Dataset extract
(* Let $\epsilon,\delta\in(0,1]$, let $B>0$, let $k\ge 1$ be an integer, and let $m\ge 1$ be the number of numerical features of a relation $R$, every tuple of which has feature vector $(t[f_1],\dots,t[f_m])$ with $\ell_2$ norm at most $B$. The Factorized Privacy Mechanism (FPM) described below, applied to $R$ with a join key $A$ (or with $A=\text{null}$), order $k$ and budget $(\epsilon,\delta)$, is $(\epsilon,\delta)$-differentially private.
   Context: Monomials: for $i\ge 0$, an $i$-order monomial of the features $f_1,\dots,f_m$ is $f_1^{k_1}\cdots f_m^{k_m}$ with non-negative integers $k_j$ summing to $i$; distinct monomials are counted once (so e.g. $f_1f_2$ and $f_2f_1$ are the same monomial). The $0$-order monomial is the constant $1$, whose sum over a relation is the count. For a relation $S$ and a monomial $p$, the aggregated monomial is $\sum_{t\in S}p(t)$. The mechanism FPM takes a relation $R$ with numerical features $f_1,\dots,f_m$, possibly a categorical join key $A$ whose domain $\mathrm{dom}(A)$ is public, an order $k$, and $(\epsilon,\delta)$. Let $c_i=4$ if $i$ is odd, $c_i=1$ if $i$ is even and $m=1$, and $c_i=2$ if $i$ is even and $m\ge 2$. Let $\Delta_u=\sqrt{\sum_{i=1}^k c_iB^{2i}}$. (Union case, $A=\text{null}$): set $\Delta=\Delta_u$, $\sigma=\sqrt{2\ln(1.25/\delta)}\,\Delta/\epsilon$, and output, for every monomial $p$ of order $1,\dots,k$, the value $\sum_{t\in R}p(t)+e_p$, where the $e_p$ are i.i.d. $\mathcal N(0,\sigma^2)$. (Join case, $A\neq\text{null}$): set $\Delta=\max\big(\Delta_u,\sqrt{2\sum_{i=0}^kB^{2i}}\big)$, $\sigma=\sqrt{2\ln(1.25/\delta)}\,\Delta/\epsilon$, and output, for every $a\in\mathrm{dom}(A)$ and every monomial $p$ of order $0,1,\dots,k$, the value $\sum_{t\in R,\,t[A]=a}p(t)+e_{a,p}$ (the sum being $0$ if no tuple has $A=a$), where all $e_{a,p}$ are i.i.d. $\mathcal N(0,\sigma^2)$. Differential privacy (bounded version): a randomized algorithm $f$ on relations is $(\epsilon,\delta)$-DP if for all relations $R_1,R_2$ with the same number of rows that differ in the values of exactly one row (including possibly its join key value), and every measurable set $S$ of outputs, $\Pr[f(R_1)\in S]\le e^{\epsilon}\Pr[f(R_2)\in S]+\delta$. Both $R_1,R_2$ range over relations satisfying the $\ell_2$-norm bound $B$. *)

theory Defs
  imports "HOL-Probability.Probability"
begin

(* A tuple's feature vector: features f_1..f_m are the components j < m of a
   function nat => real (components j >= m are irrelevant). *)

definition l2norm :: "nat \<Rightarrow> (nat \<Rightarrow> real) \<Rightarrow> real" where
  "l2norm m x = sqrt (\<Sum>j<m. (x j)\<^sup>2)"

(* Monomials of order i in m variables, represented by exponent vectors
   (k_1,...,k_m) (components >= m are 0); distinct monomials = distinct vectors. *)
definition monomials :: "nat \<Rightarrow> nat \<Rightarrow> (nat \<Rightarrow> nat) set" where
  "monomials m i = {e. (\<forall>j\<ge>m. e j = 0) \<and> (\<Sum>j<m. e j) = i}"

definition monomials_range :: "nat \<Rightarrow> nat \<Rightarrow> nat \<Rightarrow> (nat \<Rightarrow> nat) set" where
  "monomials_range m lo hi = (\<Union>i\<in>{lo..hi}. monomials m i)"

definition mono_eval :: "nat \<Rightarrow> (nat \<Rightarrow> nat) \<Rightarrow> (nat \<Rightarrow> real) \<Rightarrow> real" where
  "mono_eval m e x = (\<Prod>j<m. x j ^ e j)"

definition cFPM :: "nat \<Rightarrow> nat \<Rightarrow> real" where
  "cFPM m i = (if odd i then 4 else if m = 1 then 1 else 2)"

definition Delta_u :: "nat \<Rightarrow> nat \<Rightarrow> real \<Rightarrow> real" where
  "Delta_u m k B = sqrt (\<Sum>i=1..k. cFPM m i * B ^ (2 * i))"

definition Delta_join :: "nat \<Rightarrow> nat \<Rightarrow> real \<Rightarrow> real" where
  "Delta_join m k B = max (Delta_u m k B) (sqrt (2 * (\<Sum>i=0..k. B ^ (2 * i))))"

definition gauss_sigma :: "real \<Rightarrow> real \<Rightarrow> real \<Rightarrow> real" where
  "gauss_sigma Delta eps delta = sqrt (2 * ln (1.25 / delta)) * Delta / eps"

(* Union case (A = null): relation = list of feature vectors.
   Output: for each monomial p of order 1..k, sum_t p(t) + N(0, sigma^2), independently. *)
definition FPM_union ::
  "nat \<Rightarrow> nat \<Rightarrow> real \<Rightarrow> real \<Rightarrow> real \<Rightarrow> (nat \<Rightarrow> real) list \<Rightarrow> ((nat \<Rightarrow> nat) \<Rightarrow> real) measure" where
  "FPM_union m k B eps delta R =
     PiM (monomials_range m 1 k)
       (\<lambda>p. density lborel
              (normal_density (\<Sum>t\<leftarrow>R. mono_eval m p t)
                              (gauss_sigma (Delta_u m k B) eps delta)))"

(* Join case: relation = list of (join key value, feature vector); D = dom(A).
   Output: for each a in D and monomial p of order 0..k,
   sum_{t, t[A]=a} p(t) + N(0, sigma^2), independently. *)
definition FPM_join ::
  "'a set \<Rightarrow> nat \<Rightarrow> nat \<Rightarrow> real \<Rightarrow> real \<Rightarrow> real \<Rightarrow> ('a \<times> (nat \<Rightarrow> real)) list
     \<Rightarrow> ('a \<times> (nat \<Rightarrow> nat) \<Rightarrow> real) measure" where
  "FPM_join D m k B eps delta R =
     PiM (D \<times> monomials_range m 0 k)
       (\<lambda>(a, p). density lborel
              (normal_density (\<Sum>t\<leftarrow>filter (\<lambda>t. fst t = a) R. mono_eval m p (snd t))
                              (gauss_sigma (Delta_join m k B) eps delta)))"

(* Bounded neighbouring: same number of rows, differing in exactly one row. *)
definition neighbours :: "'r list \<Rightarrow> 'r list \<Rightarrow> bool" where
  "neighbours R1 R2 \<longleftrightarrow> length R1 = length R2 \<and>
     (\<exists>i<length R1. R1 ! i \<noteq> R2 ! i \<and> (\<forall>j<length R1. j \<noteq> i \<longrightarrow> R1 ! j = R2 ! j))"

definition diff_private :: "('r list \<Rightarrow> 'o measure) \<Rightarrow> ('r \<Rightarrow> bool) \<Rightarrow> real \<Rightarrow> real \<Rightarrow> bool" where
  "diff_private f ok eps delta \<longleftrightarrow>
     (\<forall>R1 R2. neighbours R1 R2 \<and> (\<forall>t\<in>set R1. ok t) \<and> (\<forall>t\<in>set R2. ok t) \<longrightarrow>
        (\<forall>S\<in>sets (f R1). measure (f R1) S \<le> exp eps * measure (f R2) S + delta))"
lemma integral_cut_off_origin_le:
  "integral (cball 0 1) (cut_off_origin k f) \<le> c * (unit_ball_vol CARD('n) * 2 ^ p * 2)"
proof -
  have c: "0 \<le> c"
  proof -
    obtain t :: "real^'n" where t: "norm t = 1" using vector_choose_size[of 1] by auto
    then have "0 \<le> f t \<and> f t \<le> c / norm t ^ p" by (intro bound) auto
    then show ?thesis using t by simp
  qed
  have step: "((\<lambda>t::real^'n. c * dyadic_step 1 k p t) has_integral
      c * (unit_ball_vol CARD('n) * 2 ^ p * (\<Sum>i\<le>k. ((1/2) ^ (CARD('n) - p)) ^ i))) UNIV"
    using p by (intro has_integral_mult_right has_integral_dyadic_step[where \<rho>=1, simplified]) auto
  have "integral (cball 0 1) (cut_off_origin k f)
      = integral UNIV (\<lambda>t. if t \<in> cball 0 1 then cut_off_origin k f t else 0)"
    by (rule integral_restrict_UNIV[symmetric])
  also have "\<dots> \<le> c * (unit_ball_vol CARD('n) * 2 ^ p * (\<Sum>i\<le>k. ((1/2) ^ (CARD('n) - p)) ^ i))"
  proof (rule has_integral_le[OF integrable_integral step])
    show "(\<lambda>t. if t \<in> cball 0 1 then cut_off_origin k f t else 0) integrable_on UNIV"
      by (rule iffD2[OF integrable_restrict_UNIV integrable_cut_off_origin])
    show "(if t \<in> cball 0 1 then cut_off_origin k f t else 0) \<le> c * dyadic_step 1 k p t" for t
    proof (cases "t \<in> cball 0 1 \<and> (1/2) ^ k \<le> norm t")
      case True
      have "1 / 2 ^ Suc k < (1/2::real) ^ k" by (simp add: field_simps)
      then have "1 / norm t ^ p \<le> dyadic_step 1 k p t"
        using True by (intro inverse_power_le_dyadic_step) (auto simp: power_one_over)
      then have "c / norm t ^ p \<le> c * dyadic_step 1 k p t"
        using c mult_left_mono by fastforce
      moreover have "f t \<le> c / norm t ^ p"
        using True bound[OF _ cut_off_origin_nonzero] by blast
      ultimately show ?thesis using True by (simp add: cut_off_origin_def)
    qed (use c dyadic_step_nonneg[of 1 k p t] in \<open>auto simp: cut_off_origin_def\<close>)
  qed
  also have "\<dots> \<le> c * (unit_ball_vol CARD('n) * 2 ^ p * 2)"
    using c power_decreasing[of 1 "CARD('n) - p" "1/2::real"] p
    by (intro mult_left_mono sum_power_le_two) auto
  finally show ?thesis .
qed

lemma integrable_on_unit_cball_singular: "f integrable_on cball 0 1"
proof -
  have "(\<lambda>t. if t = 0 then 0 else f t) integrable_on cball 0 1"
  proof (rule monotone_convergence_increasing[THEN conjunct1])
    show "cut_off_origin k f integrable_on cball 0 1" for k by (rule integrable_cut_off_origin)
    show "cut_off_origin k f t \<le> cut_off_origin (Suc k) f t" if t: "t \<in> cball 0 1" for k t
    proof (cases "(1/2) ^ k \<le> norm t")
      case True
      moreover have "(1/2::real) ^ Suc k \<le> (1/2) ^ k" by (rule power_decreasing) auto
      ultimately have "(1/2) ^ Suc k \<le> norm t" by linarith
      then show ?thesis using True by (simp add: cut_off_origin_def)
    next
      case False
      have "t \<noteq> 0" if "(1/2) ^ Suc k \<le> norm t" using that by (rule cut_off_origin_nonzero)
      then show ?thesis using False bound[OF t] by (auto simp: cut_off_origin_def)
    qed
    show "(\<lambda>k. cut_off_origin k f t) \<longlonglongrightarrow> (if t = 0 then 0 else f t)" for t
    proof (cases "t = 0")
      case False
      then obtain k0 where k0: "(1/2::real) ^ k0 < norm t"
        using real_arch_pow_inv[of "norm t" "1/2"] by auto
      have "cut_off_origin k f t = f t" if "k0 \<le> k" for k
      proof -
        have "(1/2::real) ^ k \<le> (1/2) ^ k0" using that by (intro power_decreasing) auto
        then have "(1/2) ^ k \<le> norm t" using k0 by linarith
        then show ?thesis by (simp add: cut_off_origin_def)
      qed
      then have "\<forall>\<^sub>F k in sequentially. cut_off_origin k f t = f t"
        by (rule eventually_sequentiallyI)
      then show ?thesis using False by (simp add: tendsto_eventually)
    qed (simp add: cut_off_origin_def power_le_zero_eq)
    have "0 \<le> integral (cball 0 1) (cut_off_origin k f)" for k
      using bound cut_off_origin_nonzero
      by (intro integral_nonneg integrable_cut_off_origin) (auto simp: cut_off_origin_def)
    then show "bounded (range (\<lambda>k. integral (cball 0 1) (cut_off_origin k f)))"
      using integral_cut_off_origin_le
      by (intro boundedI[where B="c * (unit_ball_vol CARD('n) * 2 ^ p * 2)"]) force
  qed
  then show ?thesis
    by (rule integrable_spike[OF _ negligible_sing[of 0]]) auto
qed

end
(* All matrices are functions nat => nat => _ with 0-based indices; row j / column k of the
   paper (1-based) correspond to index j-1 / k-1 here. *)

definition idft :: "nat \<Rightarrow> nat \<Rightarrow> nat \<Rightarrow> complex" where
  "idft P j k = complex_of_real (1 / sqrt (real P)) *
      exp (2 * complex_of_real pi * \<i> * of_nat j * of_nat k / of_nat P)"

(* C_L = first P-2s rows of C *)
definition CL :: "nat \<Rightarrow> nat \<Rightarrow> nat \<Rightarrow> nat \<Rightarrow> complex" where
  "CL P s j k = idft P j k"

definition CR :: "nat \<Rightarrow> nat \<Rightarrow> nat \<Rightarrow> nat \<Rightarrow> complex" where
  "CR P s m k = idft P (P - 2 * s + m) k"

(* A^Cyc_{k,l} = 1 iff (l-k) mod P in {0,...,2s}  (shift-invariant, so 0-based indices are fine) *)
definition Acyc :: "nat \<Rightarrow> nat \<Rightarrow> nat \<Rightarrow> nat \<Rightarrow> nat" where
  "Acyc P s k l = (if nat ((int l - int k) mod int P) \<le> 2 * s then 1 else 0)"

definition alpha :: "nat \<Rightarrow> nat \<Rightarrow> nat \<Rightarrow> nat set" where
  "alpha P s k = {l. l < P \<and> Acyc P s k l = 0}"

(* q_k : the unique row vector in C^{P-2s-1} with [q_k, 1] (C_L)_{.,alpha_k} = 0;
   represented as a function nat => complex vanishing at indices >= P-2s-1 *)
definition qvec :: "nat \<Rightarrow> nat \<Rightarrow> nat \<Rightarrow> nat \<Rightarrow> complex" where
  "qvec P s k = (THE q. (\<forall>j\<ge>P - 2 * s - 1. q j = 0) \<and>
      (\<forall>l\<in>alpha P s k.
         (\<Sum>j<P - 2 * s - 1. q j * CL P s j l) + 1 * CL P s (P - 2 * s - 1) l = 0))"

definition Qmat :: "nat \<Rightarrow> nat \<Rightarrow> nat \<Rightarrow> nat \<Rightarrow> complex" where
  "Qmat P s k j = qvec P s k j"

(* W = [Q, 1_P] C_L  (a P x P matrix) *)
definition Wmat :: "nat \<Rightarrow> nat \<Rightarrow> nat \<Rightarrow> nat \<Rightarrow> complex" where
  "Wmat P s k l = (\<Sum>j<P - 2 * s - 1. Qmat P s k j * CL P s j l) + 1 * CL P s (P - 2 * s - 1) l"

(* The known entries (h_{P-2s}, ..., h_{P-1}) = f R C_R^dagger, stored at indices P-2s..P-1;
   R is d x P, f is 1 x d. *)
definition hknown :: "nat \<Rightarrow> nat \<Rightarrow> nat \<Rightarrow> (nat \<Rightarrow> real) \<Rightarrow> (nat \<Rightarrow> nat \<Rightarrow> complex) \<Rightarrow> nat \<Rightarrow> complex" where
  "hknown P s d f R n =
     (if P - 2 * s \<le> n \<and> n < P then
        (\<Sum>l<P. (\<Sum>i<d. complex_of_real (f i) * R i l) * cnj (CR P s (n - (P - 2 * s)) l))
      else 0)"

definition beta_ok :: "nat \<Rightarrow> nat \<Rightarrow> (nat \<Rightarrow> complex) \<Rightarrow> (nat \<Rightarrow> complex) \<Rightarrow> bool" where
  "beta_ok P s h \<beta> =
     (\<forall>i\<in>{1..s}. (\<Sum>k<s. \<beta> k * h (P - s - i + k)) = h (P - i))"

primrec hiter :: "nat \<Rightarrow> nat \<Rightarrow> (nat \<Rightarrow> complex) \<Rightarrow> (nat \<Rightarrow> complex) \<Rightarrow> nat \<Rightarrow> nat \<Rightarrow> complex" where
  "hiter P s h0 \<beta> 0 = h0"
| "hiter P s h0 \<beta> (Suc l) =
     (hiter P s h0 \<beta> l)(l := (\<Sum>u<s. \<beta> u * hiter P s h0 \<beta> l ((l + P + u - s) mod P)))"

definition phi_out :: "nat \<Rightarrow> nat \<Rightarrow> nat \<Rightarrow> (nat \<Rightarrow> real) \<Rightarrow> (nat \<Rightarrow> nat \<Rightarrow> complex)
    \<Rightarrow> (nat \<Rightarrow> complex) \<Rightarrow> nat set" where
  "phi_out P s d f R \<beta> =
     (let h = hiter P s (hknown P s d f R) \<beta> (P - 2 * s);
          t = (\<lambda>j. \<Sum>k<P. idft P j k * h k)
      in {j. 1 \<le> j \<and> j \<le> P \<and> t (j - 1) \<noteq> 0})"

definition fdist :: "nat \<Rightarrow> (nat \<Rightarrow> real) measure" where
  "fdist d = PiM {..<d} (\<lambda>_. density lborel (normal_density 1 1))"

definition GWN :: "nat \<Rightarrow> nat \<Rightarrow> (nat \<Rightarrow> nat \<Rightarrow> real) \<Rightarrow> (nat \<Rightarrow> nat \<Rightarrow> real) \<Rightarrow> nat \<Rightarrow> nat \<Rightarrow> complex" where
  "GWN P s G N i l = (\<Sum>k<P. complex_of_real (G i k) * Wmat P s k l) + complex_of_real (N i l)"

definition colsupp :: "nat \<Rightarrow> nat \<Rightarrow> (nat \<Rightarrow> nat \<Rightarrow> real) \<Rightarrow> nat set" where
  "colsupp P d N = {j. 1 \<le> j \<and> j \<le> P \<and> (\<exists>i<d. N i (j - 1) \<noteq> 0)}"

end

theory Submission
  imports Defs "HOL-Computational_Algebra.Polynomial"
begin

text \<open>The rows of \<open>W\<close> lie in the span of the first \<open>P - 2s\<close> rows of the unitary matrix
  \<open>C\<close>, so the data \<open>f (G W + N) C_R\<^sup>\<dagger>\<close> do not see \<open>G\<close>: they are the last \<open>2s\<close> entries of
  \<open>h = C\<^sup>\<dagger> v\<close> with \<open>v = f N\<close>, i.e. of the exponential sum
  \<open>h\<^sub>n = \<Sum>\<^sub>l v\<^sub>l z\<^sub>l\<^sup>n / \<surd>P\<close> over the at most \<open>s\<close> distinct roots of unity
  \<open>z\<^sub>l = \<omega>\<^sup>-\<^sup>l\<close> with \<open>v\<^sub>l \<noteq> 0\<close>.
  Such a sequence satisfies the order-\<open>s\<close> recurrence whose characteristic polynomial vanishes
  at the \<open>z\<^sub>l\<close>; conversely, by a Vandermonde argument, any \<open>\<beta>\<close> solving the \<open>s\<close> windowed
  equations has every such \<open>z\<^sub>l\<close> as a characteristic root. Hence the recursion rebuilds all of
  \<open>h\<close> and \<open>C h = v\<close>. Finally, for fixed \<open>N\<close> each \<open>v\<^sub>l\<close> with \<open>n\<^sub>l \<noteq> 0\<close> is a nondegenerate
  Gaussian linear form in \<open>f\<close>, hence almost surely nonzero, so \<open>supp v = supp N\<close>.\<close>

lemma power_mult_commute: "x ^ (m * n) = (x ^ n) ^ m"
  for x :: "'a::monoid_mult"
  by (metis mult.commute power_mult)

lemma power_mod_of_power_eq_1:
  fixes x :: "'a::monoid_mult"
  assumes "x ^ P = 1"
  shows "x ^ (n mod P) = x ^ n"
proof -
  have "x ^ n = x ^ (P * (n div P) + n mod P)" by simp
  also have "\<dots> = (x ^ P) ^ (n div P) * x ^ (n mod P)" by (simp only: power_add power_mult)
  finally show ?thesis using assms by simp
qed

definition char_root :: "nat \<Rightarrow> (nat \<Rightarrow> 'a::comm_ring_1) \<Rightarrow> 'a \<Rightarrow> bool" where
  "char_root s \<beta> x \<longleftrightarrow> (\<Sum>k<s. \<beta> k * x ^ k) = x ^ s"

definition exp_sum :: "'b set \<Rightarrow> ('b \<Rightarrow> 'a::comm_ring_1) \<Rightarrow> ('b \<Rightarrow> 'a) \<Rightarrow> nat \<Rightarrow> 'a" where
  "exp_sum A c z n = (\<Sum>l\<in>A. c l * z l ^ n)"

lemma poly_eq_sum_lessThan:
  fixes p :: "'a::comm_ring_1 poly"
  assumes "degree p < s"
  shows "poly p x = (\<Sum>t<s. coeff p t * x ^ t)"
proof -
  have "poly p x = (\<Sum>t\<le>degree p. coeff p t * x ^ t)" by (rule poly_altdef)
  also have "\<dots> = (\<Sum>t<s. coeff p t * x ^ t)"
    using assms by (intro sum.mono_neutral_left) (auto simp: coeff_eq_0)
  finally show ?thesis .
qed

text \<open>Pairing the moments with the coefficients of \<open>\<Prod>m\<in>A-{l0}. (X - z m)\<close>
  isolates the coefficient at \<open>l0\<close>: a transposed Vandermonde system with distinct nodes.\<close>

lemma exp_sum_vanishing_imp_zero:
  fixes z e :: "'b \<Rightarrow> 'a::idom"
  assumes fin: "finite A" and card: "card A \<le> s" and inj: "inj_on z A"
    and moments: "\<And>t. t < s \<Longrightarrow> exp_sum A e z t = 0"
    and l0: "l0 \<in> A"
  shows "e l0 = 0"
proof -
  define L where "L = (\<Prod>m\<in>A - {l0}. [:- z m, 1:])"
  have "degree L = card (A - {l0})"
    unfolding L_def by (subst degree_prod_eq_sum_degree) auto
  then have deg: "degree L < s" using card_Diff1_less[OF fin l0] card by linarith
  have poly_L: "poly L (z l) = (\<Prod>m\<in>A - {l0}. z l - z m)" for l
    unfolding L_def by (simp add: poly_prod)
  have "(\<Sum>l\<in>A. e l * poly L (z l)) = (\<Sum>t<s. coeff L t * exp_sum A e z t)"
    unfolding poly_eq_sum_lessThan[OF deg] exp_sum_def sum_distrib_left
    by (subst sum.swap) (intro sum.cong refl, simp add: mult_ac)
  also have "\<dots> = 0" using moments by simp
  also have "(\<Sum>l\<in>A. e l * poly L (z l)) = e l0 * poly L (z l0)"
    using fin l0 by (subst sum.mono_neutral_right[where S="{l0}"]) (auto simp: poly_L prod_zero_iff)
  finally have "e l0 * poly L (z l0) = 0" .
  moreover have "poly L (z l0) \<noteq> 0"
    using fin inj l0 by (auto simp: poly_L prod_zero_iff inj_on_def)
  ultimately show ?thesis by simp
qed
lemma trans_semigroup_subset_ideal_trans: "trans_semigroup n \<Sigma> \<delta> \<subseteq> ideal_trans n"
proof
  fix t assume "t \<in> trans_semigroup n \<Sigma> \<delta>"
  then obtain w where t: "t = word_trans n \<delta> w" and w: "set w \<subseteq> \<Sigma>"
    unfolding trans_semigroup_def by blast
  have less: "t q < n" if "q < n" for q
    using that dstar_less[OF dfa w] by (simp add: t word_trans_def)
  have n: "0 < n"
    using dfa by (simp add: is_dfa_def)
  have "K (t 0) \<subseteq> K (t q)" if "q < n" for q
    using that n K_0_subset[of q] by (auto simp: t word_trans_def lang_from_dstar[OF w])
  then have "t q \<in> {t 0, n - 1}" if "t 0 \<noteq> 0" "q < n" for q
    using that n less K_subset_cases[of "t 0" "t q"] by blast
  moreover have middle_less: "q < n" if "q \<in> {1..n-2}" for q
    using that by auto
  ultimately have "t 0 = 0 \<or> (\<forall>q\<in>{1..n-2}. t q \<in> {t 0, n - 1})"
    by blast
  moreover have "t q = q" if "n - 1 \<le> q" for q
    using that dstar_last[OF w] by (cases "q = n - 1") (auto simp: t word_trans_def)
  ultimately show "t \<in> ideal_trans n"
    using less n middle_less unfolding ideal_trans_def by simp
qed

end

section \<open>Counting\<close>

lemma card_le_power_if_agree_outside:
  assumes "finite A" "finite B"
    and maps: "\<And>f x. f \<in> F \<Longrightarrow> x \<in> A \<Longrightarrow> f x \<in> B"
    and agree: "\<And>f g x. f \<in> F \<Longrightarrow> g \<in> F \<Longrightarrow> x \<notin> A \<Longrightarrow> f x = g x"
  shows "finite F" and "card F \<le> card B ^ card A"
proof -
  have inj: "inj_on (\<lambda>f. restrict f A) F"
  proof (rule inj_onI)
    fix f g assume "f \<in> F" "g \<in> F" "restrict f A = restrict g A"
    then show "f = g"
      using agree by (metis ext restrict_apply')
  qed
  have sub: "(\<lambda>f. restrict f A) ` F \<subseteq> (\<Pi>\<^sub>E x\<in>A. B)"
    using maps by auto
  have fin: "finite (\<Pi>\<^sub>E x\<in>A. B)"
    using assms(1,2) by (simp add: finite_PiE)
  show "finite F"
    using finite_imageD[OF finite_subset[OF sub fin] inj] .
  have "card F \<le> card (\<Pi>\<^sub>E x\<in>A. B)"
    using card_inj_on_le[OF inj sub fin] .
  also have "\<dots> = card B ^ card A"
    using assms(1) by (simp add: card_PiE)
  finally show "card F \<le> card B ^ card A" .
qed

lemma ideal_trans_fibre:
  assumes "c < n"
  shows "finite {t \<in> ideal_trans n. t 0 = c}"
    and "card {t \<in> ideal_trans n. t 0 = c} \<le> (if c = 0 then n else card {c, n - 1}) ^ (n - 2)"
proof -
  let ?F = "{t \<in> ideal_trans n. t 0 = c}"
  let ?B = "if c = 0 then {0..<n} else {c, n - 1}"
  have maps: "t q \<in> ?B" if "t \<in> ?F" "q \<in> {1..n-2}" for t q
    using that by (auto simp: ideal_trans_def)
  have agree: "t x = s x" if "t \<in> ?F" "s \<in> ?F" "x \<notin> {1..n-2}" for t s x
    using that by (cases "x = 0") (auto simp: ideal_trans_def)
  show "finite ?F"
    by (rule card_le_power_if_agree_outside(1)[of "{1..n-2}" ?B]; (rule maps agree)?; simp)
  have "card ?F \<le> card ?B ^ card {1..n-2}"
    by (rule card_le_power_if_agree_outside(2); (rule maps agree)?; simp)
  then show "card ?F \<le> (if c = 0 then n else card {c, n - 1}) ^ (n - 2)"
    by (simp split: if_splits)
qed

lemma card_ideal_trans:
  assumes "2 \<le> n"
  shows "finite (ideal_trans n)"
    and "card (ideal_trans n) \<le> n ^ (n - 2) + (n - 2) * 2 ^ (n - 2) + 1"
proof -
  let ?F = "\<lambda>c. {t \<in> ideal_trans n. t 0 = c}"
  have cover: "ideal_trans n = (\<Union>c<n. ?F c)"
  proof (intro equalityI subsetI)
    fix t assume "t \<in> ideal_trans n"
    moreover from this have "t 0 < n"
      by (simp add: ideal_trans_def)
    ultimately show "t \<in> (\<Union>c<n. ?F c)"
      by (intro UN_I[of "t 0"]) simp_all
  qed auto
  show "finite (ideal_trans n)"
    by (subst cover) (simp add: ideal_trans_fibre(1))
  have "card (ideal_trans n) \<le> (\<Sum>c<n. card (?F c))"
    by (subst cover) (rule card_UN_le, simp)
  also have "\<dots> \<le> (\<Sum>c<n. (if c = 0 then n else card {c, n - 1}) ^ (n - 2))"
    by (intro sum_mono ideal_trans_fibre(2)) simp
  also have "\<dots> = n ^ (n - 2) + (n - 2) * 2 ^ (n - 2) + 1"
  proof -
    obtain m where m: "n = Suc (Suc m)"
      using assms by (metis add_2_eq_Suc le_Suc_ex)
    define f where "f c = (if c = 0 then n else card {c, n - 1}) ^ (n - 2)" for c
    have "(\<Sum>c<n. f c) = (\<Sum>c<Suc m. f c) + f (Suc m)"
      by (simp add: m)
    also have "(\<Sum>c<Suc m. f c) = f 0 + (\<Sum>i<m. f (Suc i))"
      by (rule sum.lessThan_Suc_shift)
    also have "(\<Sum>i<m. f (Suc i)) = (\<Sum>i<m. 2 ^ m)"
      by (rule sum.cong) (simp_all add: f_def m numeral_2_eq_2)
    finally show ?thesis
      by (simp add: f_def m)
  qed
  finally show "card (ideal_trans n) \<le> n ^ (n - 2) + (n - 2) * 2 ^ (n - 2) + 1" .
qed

Work task
The required answer is the exact run of lines above starting at the line with "(range (\<lambda>k. integral" and ending at the line with "(* All matrices", with both ends present.

Written solution
    then show "bounded (range (\<lambda>k. integral (cball 0 1) (cut_off_origin k f)))"
      using integral_cut_off_origin_le
      by (intro boundedI[where B="c * (unit_ball_vol CARD('n) * 2 ^ p * 2)"]) force
  qed
  then show ?thesis
    by (rule integrable_spike[OF _ negligible_sing[of 0]]) auto
qed

end
(* All matrices are functions nat => nat => _ with 0-based indices; row j / column k of the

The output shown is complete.